На днях я был в Петрограде и, утомившись бесконечными разговорами о коалиционной власти, о развале армии, о свадьбе Керенского,[1185] о всероссийской забастовке и приключениях Ленина,[1186] решил пойти к моим подвальным друзьям, посмотреть, как они живут, послушать песенки, какие они распевают теперь в своем ночном убежище.
На первый взгляд, подвал был все тот же. Я миновал мрачный петербургский двор, спустился вниз по скользким каменным ступеням, татарчонок в красном халате снял с меня плащ, и я вошел под знакомые своды, расписанные фантастично одним из чудесных наших мастеров, [1187] успевшим, несмотря на хмель богемы, послужить достойно музе.
Я пробрался среди шатких столиков в угол, куда мне дали кофе, и стал смотреть на знакомую крошечную сцену: там танцевала скромно-нескромный танец хрупкая маленькая актриса,[1188] умненькая и нежная, которую в первый раз я увидел в театре покойной В. Ф. Комиссаржевской в те дни, когда шли там освистанные и прославленные пьесы наших «проклятых» поэтов.
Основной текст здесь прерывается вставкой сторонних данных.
lemma openin_initial_cylinder:
  assumes "\<And>i. i < N \<Longrightarrow> openin (X i) (V i)"
  shows "openin (product_topology X UNIV) (initial_cylinder X N V)"
  unfolding initial_cylinder_def
proof (rule product_topology_basis)
  show "openin (X i) (if i < N then V i else topspace (X i))" for i
    using assms by auto
  show "finite {i. (if i < N then V i else topspace (X i)) \<noteq> topspace (X i)}"
    by (rule finite_subset[of _ "{..<N}"]) auto
qed

lemma initial_cylinder_mono:
  assumes "\<And>i. i < N \<Longrightarrow> V i \<subseteq> U i"
  shows "initial_cylinder X N V \<subseteq> initial_cylinder X N U"
  unfolding initial_cylinder_def by (rule PiE_mono) (use assms in auto)

lemma openin_product_topology_nat_contains_initial_cylinder:
  assumes "openin (product_topology X UNIV) S" "x \<in> S"
  obtains U N where "\<And>i. openin (X i) (U i)" "\<And>i. x i \<in> U i" "initial_cylinder X N U \<subseteq> S"
proof -
  obtain U where U: "x \<in> PiE UNIV U" "\<And>i. openin (X i) (U i)"
    "finite {i. U i \<noteq> topspace (X i)}" "PiE UNIV U \<subseteq> S"
    using product_topology_open_contains_basis[OF assms] by blast
  obtain N where N: "\<And>i. U i \<noteq> topspace (X i) \<Longrightarrow> i < N"
    using finite_nat_bounded[OF U(3)] by auto
  have "(\<lambda>i. if i < N then U i else topspace (X i)) = U"
  proof
    show "(if i < N then U i else topspace (X i)) = U i" for i
      using N[of i] by auto
  qed
  then show ?thesis
    using that[of U N] U(2,4) PiE_mem[OF U(1) UNIV_I] by (simp add: initial_cylinder_def)
qed

lemma second_countable_product_topology_nat:
  assumes "\<And>n. second_countable (X n)"
  shows "second_countable (product_topology X (UNIV::nat set))"
proof -
  obtain B where B: "\<And>n. countable (B n)" "\<And>n V. V \<in> B n \<Longrightarrow> openin (X n) V"
    "\<And>n U x. openin (X n) U \<Longrightarrow> x \<in> U \<Longrightarrow> \<exists>V \<in> B n. x \<in> V \<and> V \<subseteq> U"
    using assms unfolding second_countable_def by metis
  define \<B> where "\<B> = (\<Union>N. initial_cylinder X N ` PiE {..<N} B)"
  have "countable \<B>"
    unfolding \<B>_def by (intro countable_UN countable_image countable_PiE) (auto simp: B)
  moreover have "openin (product_topology X UNIV) W" if "W \<in> \<B>" for W
    using that B(2) unfolding \<B>_def by (auto intro!: openin_initial_cylinder)
  moreover have "\<exists>W\<in>\<B>. x \<in> W \<and> W \<subseteq> S"
    if S: "openin (product_topology X UNIV) S" and x: "x \<in> S" for S x
  proof -
    obtain U N where U: "\<And>i. openin (X i) (U i)" "\<And>i. x i \<in> U i"
      "initial_cylinder X N U \<subseteq> S"
      using openin_product_topology_nat_contains_initial_cylinder[OF S x] by blast
    have "\<forall>i. \<exists>V. V \<in> B i \<and> x i \<in> V \<and> V \<subseteq> U i"
      using B(3)[OF U(1,2)] by blast
    then obtain V where V: "\<forall>i. V i \<in> B i \<and> x i \<in> V i \<and> V i \<subseteq> U i"
      by (rule choice[THEN exE])
    let ?W = "initial_cylinder X N (restrict V {..<N})"
    have "?W \<in> \<B>"
      unfolding \<B>_def using V by (intro UN_I[of N] imageI) auto
    moreover have "x \<in> ?W"
    proof -
      have "x i \<in> (if i < N then restrict V {..<N} i else topspace (X i))" for i
        using V openin_subset[OF U(1)[of i]] U(2)[of i] by auto
      then show ?thesis unfolding initial_cylinder_def by (simp add: PiE_iff)
    qed
    moreover have "?W \<subseteq> S"
      using initial_cylinder_mono[of N "restrict V {..<N}" U X] V U(3) by auto
    ultimately show ?thesis
      by blast
  qed
  ultimately show ?thesis
    unfolding second_countable_def by (intro exI[of _ \<B>]) blast
qed

lemma Polish_top_imp_second_countable: "Polish_top X \<Longrightarrow> second_countable X"
  unfolding Polish_top_def
  by (simp add: completely_metrizable_imp_metrizable_space metrizable_separable_imp_second_countable)

lemma Polish_top_imp_Hausdorff_space: "Polish_top X \<Longrightarrow> Hausdorff_space X"
  unfolding Polish_top_def
  by (simp add: completely_metrizable_imp_metrizable_space metrizable_imp_Hausdorff_space)

lemma Polish_top_closedin:
  assumes "Polish_top X" "closedin X S"
  shows "Polish_top (subtopology X S)"
proof -
  have "second_countable (subtopology X S)"
    using Polish_top_imp_second_countable[OF assms(1)] by (rule second_countable_subtopology)
  then show ?thesis
    using assms unfolding Polish_top_def
    by (simp add: completely_metrizable_space_closedin second_countable_imp_separable_space)
qed

lemma Polish_top_openin:
  assumes "Polish_top X" "openin X S"
  shows "Polish_top (subtopology X S)"
proof -
  have "second_countable (subtopology X S)"
    using Polish_top_imp_second_countable[OF assms(1)] by (rule second_countable_subtopology)
  then show ?thesis
    using assms unfolding Polish_top_def
    by (simp add: completely_metrizable_space_openin second_countable_imp_separable_space)
qed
Но — Боже мой! — как изменилось лицо у этой любимицы петербургских эстетов. Она улыбалась, но какая это была жуткая и грустная улыбка.
Так вот они какие теперь, эти комедианты, все еще танцующие свои изысканные хореографические вымыслы, распевающие горькие куплеты о сладостной любви, когда на улицах трещат пулеметы и носятся с ревом сумасшедшие бронированные автомобили, наводя ужас на российских республиканцев.
После спектакля, когда ушли гости и остались одни завсегдатаи подвала, ко мне подошел старый знакомый, небезызвестный поэт и отчасти композитор,[1189] чьи стилизованные песенки распевали на эстрадах и в салонах весьма охотно, пока их не заглушили медные звуки революционных маршей и непрестанные крики о равенстве всех и всего. Этот милый поэт был, как всегда, не один. Около него вертелся юноша с цветочком в петлице, и поэт посматривал на него с нежностью, как многоопытный мэтр на неискушенного еще ученика.
«О чем мы будем говорить с этим поэтом?» — думал я, припоминая его стихи, в которых он воспевал то меч Архангела Михаила,[1190] то маркиз во вкусе Ватто,[1191] то хорошеньких мальчиков, то александрийских куртизанок. О, как любил этот поэт бряцание оружия и пышность самодержавной монархии! Правда, он часто менял свои костюмы и вкусы, то щеголяя галлицизмами и одеваясь, как парижанин, то появляясь в истинно-русской поддевке и цитируя наизусть «Пролог». Но во всех нарядах этот жеманный поэт оставался верен своему пристрастию к прелестям старого порядка и брезгливо отвертывался от революции, загнанной тогда в подполье.
— К какой вы партии принадлежите теперь? — спросил я поэта, улыбаясь.
— Разумеется, я большевик, — ответил он тотчас же, не смущаясь и не стыдясь меня вовсе.
Заметив, что я с недоумением смотрю на него, поэт игриво засмеялся и тронул меня за руку.
— Ведь нельзя же воевать без конца, вы понимаете, — сказал он тихо, оглянувшись по сторонам.
— Как? — удивился я. — Вы такой патриот, малодушно боитесь войны?
Он смотрел на меня своими большими круглыми глазами, грустными и, пожалуй, лукавыми, и губы его все еще кривились в улыбку.
— Признаюсь, Ленин мне больше нравится, чем все эти наши либералы, которые кричат о защите Отечества. В XX веке воевать и странно, и противно.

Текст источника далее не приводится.